What you need to do.
Your answer should consist of the lines in the data below that contain "cases".

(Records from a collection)

lemma Kp_Inf_support_fun_ge:
  fixes \<Omega> :: "'a::euclidean_space set"
  assumes \<Omega>: "\<Omega> \<in> Kp S f p" and "p < 0" and "0 < R" and R: "\<And>y. y \<in> \<Omega> \<Longrightarrow> norm y \<le> R"
    and r: "0 < r" "r \<le> 1/4"
    and "0 < c1" and f: "\<And>u. u \<in> sphere 0 1 \<Longrightarrow> c1 \<le> f u \<and> f u \<le> c2"
  shows "(c2 / (c1 * r ^ DIM('a))) powr (1 / p) - 4 * R * r \<le> Inf (support_fun \<Omega> ` sphere 0 1)"
proof (rule cInf_greatest)
  show "support_fun \<Omega> ` sphere 0 1 \<noteq> {}" by simp
  fix h assume "h \<in> support_fun \<Omega> ` sphere 0 1"
  then obtain u0 where u0: "norm u0 = 1" and h: "h = support_fun \<Omega> u0" by auto
  note K0 = K0D[OF KpD(1)[OF \<Omega>]]
  define t where "t = h + 4 * R * r"
  have "0 < 4 * R * r" using \<open>0 < R\<close> r by simp
  then have "0 < t" using support_fun_nonneg[OF K0(1,2)] by (simp add: t_def h add_nonneg_pos)
  have "support_fun \<Omega> u \<le> t" if "norm (u - u0) \<le> 4 * r" for u
  proof -
    have "support_fun \<Omega> u \<le> h + R * norm (u - u0)"
      unfolding h by (rule support_fun_lipschitz[OF K0(3) R])
    also have "R * norm (u - u0) \<le> R * (4 * r)" using that \<open>0 < R\<close> by simp
    finally show ?thesis by (simp add: t_def)
  qed
  then have "c1 * t powr p * r ^ DIM('a) \<le> c2"
    by (intro Kp_bound_if_support_fun_le_on_cap[OF \<Omega> \<open>p < 0\<close> \<open>0 < t\<close> u0 r _ \<open>0 < c1\<close> f])
  then have "t powr p \<le> c2 / (c1 * r ^ DIM('a))"
    using \<open>0 < c1\<close> r by (simp add: le_divide_eq mult_ac)
  then have "(c2 / (c1 * r ^ DIM('a))) powr (1 / p) \<le> t"
    by (rule powr_inverse_le_if_powr_le[OF \<open>p < 0\<close> \<open>0 < t\<close>])
  then show "(c2 / (c1 * r ^ DIM('a))) powr (1 / p) - 4 * R * r \<le> h" by (simp add: t_def)
qed

lemma Kp_norm_le:
  fixes \<Omega> :: "'a::euclidean_space set"
  assumes S: "orth_subgroup S" and \<Omega>: "\<Omega> \<in> Kp S f p" and "p \<le> -1" and "y \<in> \<Omega>"
    and "0 < \<eta>" and \<eta>: "\<And>a u. a \<in> sphere 0 1 \<Longrightarrow> u \<in> sphere 0 1 \<Longrightarrow> \<exists>\<phi>\<in>S. \<eta> < u \<bullet> \<phi> a"
    and "0 < c1" and f: "\<And>u. u \<in> sphere 0 1 \<Longrightarrow> c1 \<le> f u \<and> f u \<le> c2"
  shows "norm y \<le> c2 / c1 / \<eta>"
proof -
  define c where "c = norm y * \<eta>"
  have "1 \<le> c2 / c1" using le_of_bounds_on_sphere[where f=f, OF f] \<open>0 < c1\<close> by simp
  have "c \<le> c2 / c1"
  proof (cases "c \<le> 1")
    case False
    have "c \<le> support_fun \<Omega> u" if "u \<in> sphere 0 1" for u
      unfolding c_def using \<eta> that by (intro K0_support_fun_ge_norm[OF S KpD(1)[OF \<Omega>] \<open>y \<in> \<Omega>\<close>])
    then have "c1 \<le> c2 * c powr p"
      using False \<open>p \<le> -1\<close> by (intro Kp_bound_if_support_fun_ge[OF \<Omega> _ _ _ \<open>0 < c1\<close> f]) auto
    also have "\<dots> \<le> c2 * c powr -1"
      using False \<open>p \<le> -1\<close> \<open>1 \<le> c2 / c1\<close> \<open>0 < c1\<close> by (intro mult_left_mono powr_mono) auto
    finally show ?thesis
      using False \<open>0 < c1\<close> by (simp add: powr_minus field_simps)
  qed (use \<open>1 \<le> c2 / c1\<close> in simp)
  then show ?thesis using \<open>0 < \<eta>\<close> by (metis c_def pos_le_divide_eq)
qed
lemma closed_strip_diff_open_strip:
  assumes "ascending_curve a P Q" and "ascending_curve b P Q"
  shows "closed_strip a b (snd P) (snd Q) - open_strip a b (snd P) (snd Q)
    \<subseteq> graph_on a {snd P..snd Q} \<union> graph_on b {snd P..snd Q}"
proof
  fix z assume z: "z \<in> closed_strip a b (snd P) (snd Q) - open_strip a b (snd P) (snd Q)"
  have ends: "a (snd P) = b (snd P)" "a (snd Q) = b (snd Q)"
    using ascending_curve_ends[OF assms(1)] ascending_curve_ends[OF assms(2)] by simp_all
  have "fst z = min (a (snd z)) (b (snd z)) \<or> fst z = max (a (snd z)) (b (snd z))"
  proof (cases "snd z = snd P \<or> snd z = snd Q")
    case True
    then have "min (a (snd z)) (b (snd z)) = max (a (snd z)) (b (snd z))"
      using ends by auto
    then show ?thesis using z unfolding closed_strip_def by auto
  next
    case False
    then show ?thesis using z unfolding closed_strip_def open_strip_def by auto
  qed
  then have "fst z = a (snd z) \<or> fst z = b (snd z)"
    by (cases "a (snd z) \<le> b (snd z)") (auto simp: min_def max_def)
  moreover have "snd z \<in> {snd P..snd Q}"
    using z unfolding closed_strip_def by auto
  ultimately show "z \<in> graph_on a {snd P..snd Q} \<union> graph_on b {snd P..snd Q}"
    unfolding graph_on_def by (auto simp: image_iff prod_eq_iff)
qed

lemma closed_strip_top:
  assumes "ascending_curve a P Q" and "ascending_curve b P Q"
    and "z \<in> closed_strip a b (snd P) (snd Q)" and "snd Q \<le> snd z"
  shows "z = Q"
proof -
  have "snd z = snd Q"
    using assms(3,4) unfolding closed_strip_def by auto
  then show ?thesis
    using assms(3) ascending_curve_ends[OF assms(1)] ascending_curve_ends[OF assms(2)]
    unfolding closed_strip_def by (auto simp: prod_eq_iff)
qed

lemma connected_subset_open_strip:
  assumes a: "ascending_curve a P Q" and b: "ascending_curve b P Q"
    and "connected S"
    and avoid: "S \<inter> (graph_on a {snd P..snd Q} \<union> graph_on b {snd P..snd Q}) = {}"
    and meets: "S \<inter> open_strip a b (snd P) (snd Q) \<noteq> {}"
  shows "S \<subseteq> open_strip a b (snd P) (snd Q)"
proof -
  have cont: "continuous_on UNIV a" "continuous_on UNIV b"
    using a b unfolding ascending_curve_def by auto
  let ?O = "open_strip a b (snd P) (snd Q)" and ?C = "closed_strip a b (snd P) (snd Q)"
  have "S \<subseteq> ?O \<union> - ?C"
    using avoid closed_strip_diff_open_strip[OF a b] by blast
  moreover have "?O \<inter> - ?C \<inter> S = {}"
    using open_strip_subset_closed_strip by blast
  ultimately have "?O \<inter> S = {} \<or> - ?C \<inter> S = {}"
    using connectedD[OF \<open>connected S\<close> open_open_strip[OF cont] open_Compl[OF closed_closed_strip[OF cont]]]
    by blast
  then show ?thesis
    using meets \<open>S \<subseteq> ?O \<union> - ?C\<close> by blast
qed

lemma closure_subset_closed_strip:
  assumes "continuous_on UNIV a" and "continuous_on UNIV b"
    and "S \<subseteq> open_strip a b y0 y1"
  shows "closure S \<subseteq> closed_strip a b y0 y1"
  using assms open_strip_subset_closed_strip closed_closed_strip
  by (metis closure_minimal order_trans)

lemma dist_Pair_le_abs_sum:
  fixes a b c d :: real
  shows "dist (a, b) (c, d) \<le> \<bar>a - c\<bar> + \<bar>b - d\<bar>"
  unfolding dist_Pair_Pair dist_real_def using sqrt_sum_squares_le_sum_abs[of "a - c" "b - d"] by simp

lemma shifted_towards_strictly_between:
  fixes \<sigma> x x' r :: real
  assumes "\<bar>\<sigma>\<bar> = 1" and "0 < \<sigma> * (x' - x)" and "0 < r" and "r < \<bar>x' - x\<bar>"
  shows "min x x' < x + \<sigma> * r" and "x + \<sigma> * r < max x x'"
proof -
  have "\<sigma> = 1 \<or> \<sigma> = -1"
    using assms(1) by (simp add: abs_if split: if_splits)
  then have "min x x' < x + \<sigma> * r \<and> x + \<sigma> * r < max x x'"
    using assms(2-4) by (elim disjE) (simp_all add: min_def max_def)
  then show "min x x' < x + \<sigma> * r" and "x + \<sigma> * r < max x x'"
    by simp_all
qed

lemma card_in_edges_le_indeg:
  assumes "finite E" and "B \<subseteq> {e \<in> E. snd e = v}"
  shows "card B \<le> indeg E v"
proof -
  have "card B \<le> card {e \<in> E. snd e = v}"
    using assms by (intro card_mono) auto
  also have "{e \<in> E. snd e = v} = (\<lambda>u. (u, v)) ` {u. (u, v) \<in> E}"
    by force
  also have "card \<dots> = indeg E v"
    unfolding indeg_def by (rule card_image) (auto intro: inj_onI)
  finally show ?thesis .
qed
lemma cost_id_lognormal_le:
  fixes B :: "nat \<Rightarrow> 'a \<Rightarrow> real" and m s :: "nat \<Rightarrow> real" and w :: real
  assumes ind: "indep_vars (\<lambda>_. borel) B {1..Suc N}"
    and L: "\<And>i. i \<in> {1..Suc N} \<Longrightarrow> lognormal M (B i) (m i) (s i)"
    and m_mono: "\<And>i j. 1 \<le> i \<Longrightarrow> i \<le> j \<Longrightarrow> j \<le> Suc N \<Longrightarrow> m i \<le> m j"
    and s_mono: "\<And>i j. 1 \<le> i \<Longrightarrow> i \<le> j \<Longrightarrow> j \<le> Suc N \<Longrightarrow> (s i)\<^sup>2 \<le> (s j)\<^sup>2"
    and N: "0 < N" and w: "0 < w"
  defines "\<alpha> \<equiv> 1 / sqrt (2 * w) * sqrt (exp ((s N)\<^sup>2) - 1)"
  shows "cost M B (Suc N) id (\<lambda>i. (1 + \<alpha>) * expectation (B i)) w
    \<le> 2 * w * \<alpha> * (\<Sum>k<N. exp (m (Suc k) + (s (Suc k))\<^sup>2 / 2))"
proof -
  have EB: "expectation (B i) = exp (m i + (s i)\<^sup>2 / 2)" if "i \<in> {1..Suc N}" for i
    using lognormal_moments(2)[OF L[OF that]] .
  have "0 < s N"
    using L[of N] N by (simp add: lognormal_def)
  then have "1 < exp ((s N)\<^sup>2)"
    by simp
  then have \<alpha>: "0 < \<alpha>" "2 * w * \<alpha>\<^sup>2 = exp ((s N)\<^sup>2) - 1"
    unfolding \<alpha>_def using w by (simp_all add: power_mult_distrib power_divide)
  have "cost M B (Suc N) id (\<lambda>i. (1 + \<alpha>) * expectation (B i)) w
      \<le> 2 * w * \<alpha> * (\<Sum>k<N. expectation (B (Suc k)))"
  proof (rule cost_id_padded_mean_le[OF ind _ _ _ _ _ \<alpha>(1) less_imp_le[OF w]])
    show "integrable M (B i)" "integrable M (\<lambda>x. (B i x)\<^sup>2)" if "i \<in> {1..Suc N}" for i
      using lognormal_moments(1,3)[OF L[OF that]] by simp_all
    show "0 < expectation (B i)" if "i \<in> {1..N}" for i
      using that by (simp add: EB)
    show "expectation (B i) \<le> expectation (B (Suc i))" if "0 < i" "i < N" for i
      using that m_mono[of i "Suc i"] s_mono[of i "Suc i"] by (simp add: EB)
    show "expectation (\<lambda>x. (B i x)\<^sup>2) - (expectation (B i))\<^sup>2 \<le> 2 * w * \<alpha>\<^sup>2 * (expectation (B i))\<^sup>2"
      if "i \<in> {1..N}" for i
    proof -
      have "exp ((s i)\<^sup>2) - 1 \<le> 2 * w * \<alpha>\<^sup>2"
        using that s_mono[of i N] \<alpha>(2) by simp
      then show ?thesis
        using that lognormal_variance[OF L] by (simp add: mult_left_mono mult.commute)
    qed
  qed
  then show ?thesis
    by (simp add: EB)
qed

lemma cost_lognormal_ge:
  fixes B :: "nat \<Rightarrow> 'a \<Rightarrow> real" and m s :: "nat \<Rightarrow> real" and w :: real
  assumes ind: "indep_vars (\<lambda>_. borel) B {1..Suc N}"
    and L: "\<And>i. i \<in> {1..Suc N} \<Longrightarrow> lognormal M (B i) (m i) (s i)"
    and m_mono: "\<And>i j. 1 \<le> i \<Longrightarrow> i \<le> j \<Longrightarrow> j \<le> Suc N \<Longrightarrow> m i \<le> m j"
    and s_mono: "\<And>i j. 1 \<le> i \<Longrightarrow> i \<le> j \<Longrightarrow> j \<le> Suc N \<Longrightarrow> (s i)\<^sup>2 \<le> (s j)\<^sup>2"
    and tau: "tau permutes {1..Suc N}" and w: "0 < w" "w < 1"
  shows "((1 - w) - Phi (QZ (1 - w) - s 1)) * (\<Sum>k<N. exp (m (Suc k) + (s (Suc k))\<^sup>2 / 2))
    \<le> cost M B (Suc N) tau y w"
proof -
  define \<mu> where "\<mu> i = exp (m i + (s i)\<^sup>2 / 2)" for i
  define D where "D = (1 - w) - Phi (QZ (1 - w) - s 1)"
  have s_pos: "0 < s i" if "i \<in> {1..Suc N}" for i
    using L[OF that] by (simp add: lognormal_def)
  then have "0 \<le> D"
    unfolding D_def using Phi_QZ_diff_less[of "s 1" "1 - w"] w by simp
  have D_le: "D * \<mu> j \<le> \<mu> j * ((1 - w) - Phi (QZ (1 - w) - s j))" if "j \<in> {1..Suc N}" for j
  proof -
    have "s 1 \<le> s j"
      using s_mono[of 1 j] that s_pos[of 1] s_pos[OF that] by (simp add: power2_le_iff_abs_le)
    then have "Phi (QZ (1 - w) - s j) \<le> Phi (QZ (1 - w) - s 1)"
      by (intro std_normal.cdf_nondecreasing) simp
    then show ?thesis
      by (simp add: D_def \<mu>_def algebra_simps)
  qed
  have slot: "D * \<mu> (tau (Suc k))
      \<le> w * (\<integral>x. idl tau y (\<lambda>j. B j x) (Suc k) \<partial>M) + (1 - w) * (\<integral>x. wt tau y (\<lambda>j. B j x) (Suc k) \<partial>M)"
    if "k < N" for k
  proof -
    have "tau (Suc k) \<in> {1..Suc N}"
      using permutes_in_image[OF tau] that by simp
    then have "D * \<mu> (tau (Suc k)) \<le> \<mu> (tau (Suc k)) * ((1 - w) - Phi (QZ (1 - w) - s (tau (Suc k))))"
      by (rule D_le)
    also have "\<dots> \<le> w * (\<integral>x. idl tau y (\<lambda>j. B j x) (Suc k) \<partial>M) + (1 - w) * (\<integral>x. wt tau y (\<lambda>j. B j x) (Suc k) \<partial>M)"
    proof -
      have "tau ` {1..Suc k} \<subseteq> {1..Suc N}"
        using permutes_image[OF tau] that by auto
      with ind permutes_inj_on[OF tau] show ?thesis
        unfolding \<mu>_def using L w by (rule slot_cost_lognormal_ge)
    qed
    finally show ?thesis .
  qed
  have "\<mu> i \<le> \<mu> (Suc N)" if "i \<in> {1..Suc N}" for i
    using that m_mono[of i "Suc N"] s_mono[of i "Suc N"] by (simp add: \<mu>_def)
  then have "D * (\<Sum>k<N. \<mu> (Suc k)) \<le> D * (\<Sum>k<N. \<mu> (tau (Suc k)))"
    using \<open>0 \<le> D\<close> sum_permutes_drop_last_ge[OF tau] by (simp add: mult_left_mono)
  also have "\<dots> \<le> cost M B (Suc N) tau y w"
    unfolding cost_Suc_eq_sum_slots sum_distrib_left by (intro sum_mono slot) simp
  finally show ?thesis
    by (simp add: D_def \<mu>_def)
qed

lemma INF_cost_lognormal_ge:
  fixes B :: "nat \<Rightarrow> 'a \<Rightarrow> real" and m s :: "nat \<Rightarrow> real" and w :: real
  assumes ind: "indep_vars (\<lambda>_. borel) B {1..Suc N}"
    and L: "\<And>i. i \<in> {1..Suc N} \<Longrightarrow> lognormal M (B i) (m i) (s i)"
    and m_mono: "\<And>i j. 1 \<le> i \<Longrightarrow> i \<le> j \<Longrightarrow> j \<le> Suc N \<Longrightarrow> m i \<le> m j"
    and s_mono: "\<And>i j. 1 \<le> i \<Longrightarrow> i \<le> j \<Longrightarrow> j \<le> Suc N \<Longrightarrow> (s i)\<^sup>2 \<le> (s j)\<^sup>2"
    and w: "0 < w" "w < 1"
  shows "((1 - w) - Phi (QZ (1 - w) - s 1)) * (\<Sum>k<N. exp (m (Suc k) + (s (Suc k))\<^sup>2 / 2))
    \<le> (INF (\<tau>, y) \<in> {(\<tau>, y). \<tau> permutes {1..Suc N} \<and> (\<forall>j\<in>{1..Suc N}. 0 \<le> y j)}. cost M B (Suc N) \<tau> y w)"
proof (rule cINF_greatest)
  show "{(\<tau>, y). \<tau> permutes {1..Suc N} \<and> (\<forall>j\<in>{1..Suc N}. 0 \<le> (y :: nat \<Rightarrow> real) j)} \<noteq> {}"
    using permutes_id by blast
  fix p :: "(nat \<Rightarrow> nat) \<times> (nat \<Rightarrow> real)"
  assume "p \<in> {(\<tau>, y). \<tau> permutes {1..Suc N} \<and> (\<forall>j\<in>{1..Suc N}. 0 \<le> y j)}"
  then obtain \<tau> y where "p = (\<tau>, y)" and "\<tau> permutes {1..Suc N}"
    by blast
  with cost_lognormal_ge[OF ind L m_mono s_mono _ w] show
    "((1 - w) - Phi (QZ (1 - w) - s 1)) * (\<Sum>k<N. exp (m (Suc k) + (s (Suc k))\<^sup>2 / 2))
      \<le> (case p of (\<tau>, y) \<Rightarrow> cost M B (Suc N) \<tau> y w)"
    by simp
qed

end

theorem theorem5p2:
  fixes M :: "'a measure" and B :: "nat \<Rightarrow> 'a \<Rightarrow> real"
    and m s :: "nat \<Rightarrow> real" and n :: nat and \<omega> :: real
  assumes "prob_space M"
    and "n \<ge> 2"
    and "0 < \<omega>" and "\<omega> < 1"
    and "prob_space.indep_vars M (\<lambda>_. borel) B {1..n}"
    and "\<And>i. i \<in> {1..n} \<Longrightarrow> lognormal M (B i) (m i) (s i)"
    and "\<And>i j. 1 \<le> i \<Longrightarrow> i \<le> j \<Longrightarrow> j \<le> n \<Longrightarrow> m i \<le> m j"
    and "\<And>i j. 1 \<le> i \<Longrightarrow> i \<le> j \<Longrightarrow> j \<le> n \<Longrightarrow> (s i)\<^sup>2 \<le> (s j)\<^sup>2"
  shows
    "(let \<mu> = (\<lambda>i. integral\<^sup>L M (B i));
          \<alpha> = 1 / sqrt (2 * \<omega>) * sqrt (exp ((s (n - 1))\<^sup>2) - 1);
          x = (\<lambda>i. (1 + \<alpha>) * \<mu> i);
          q = QZ (1 - \<omega>) - s 1
      in cost M B n id x \<omega> /
           (INF (\<tau>, y) \<in> {(\<tau>, y). \<tau> permutes {1..n} \<and> (\<forall>j\<in>{1..n}. 0 \<le> y j)}. cost M B n \<tau> y \<omega>)
         \<le> 2 * \<omega> * \<alpha> /
           ((1 - \<omega>) * measure std_normal {q..} - \<omega> * measure std_normal {..q}))"
proof -
  interpret prob_space M
    by (rule assms(1))
  obtain N where n: "n = Suc N" and N: "0 < N"
    using assms(2) by (intro that[of "n - 1"]) auto
  note hyps = assms(5-8)[unfolded n]
  define \<alpha> where "\<alpha> = 1 / sqrt (2 * \<omega>) * sqrt (exp ((s N)\<^sup>2) - 1)"
  define q where "q = QZ (1 - \<omega>) - s 1"
  define S where "S = (\<Sum>k<N. exp (m (Suc k) + (s (Suc k))\<^sup>2 / 2))"
  have "0 < s 1"
    using hyps(2)[of 1] by (simp add: lognormal_def)
  then have D: "0 < (1 - \<omega>) - Phi q"
    unfolding q_def using Phi_QZ_diff_less[of "s 1" "1 - \<omega>"] assms(3,4) by simp
  have "0 < S"
    unfolding S_def using N by (intro sum_pos) auto
  have UB: "cost M B (Suc N) id (\<lambda>i. (1 + \<alpha>) * expectation (B i)) \<omega> \<le> 2 * \<omega> * \<alpha> * S"
    unfolding \<alpha>_def S_def using hyps N assms(3) by (rule cost_id_lognormal_le)
  have LB: "((1 - \<omega>) - Phi q) * S
      \<le> (INF (\<tau>, y) \<in> {(\<tau>, y). \<tau> permutes {1..Suc N} \<and> (\<forall>j\<in>{1..Suc N}. 0 \<le> y j)}. cost M B (Suc N) \<tau> y \<omega>)"
    unfolding q_def S_def using hyps assms(3,4) by (rule INF_cost_lognormal_ge)
  have "(1 - \<omega>) * measure std_normal {q..} - \<omega> * measure std_normal {..q} = (1 - \<omega>) - Phi q"
    by (simp add: measure_std_normal_atLeast cdf_def algebra_simps)
  with divide_le_divide_of_bounds[OF UB LB D \<open>0 < S\<close>] assms(3) show ?thesis
    unfolding Let_def \<alpha>_def q_def n by simp
qed

end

The completed task.
  proof (cases "c \<le> 1")
  proof (cases "snd z = snd P \<or> snd z = snd Q")
    by (cases "a (snd z) \<le> b (snd z)") (auto simp: min_def max_def)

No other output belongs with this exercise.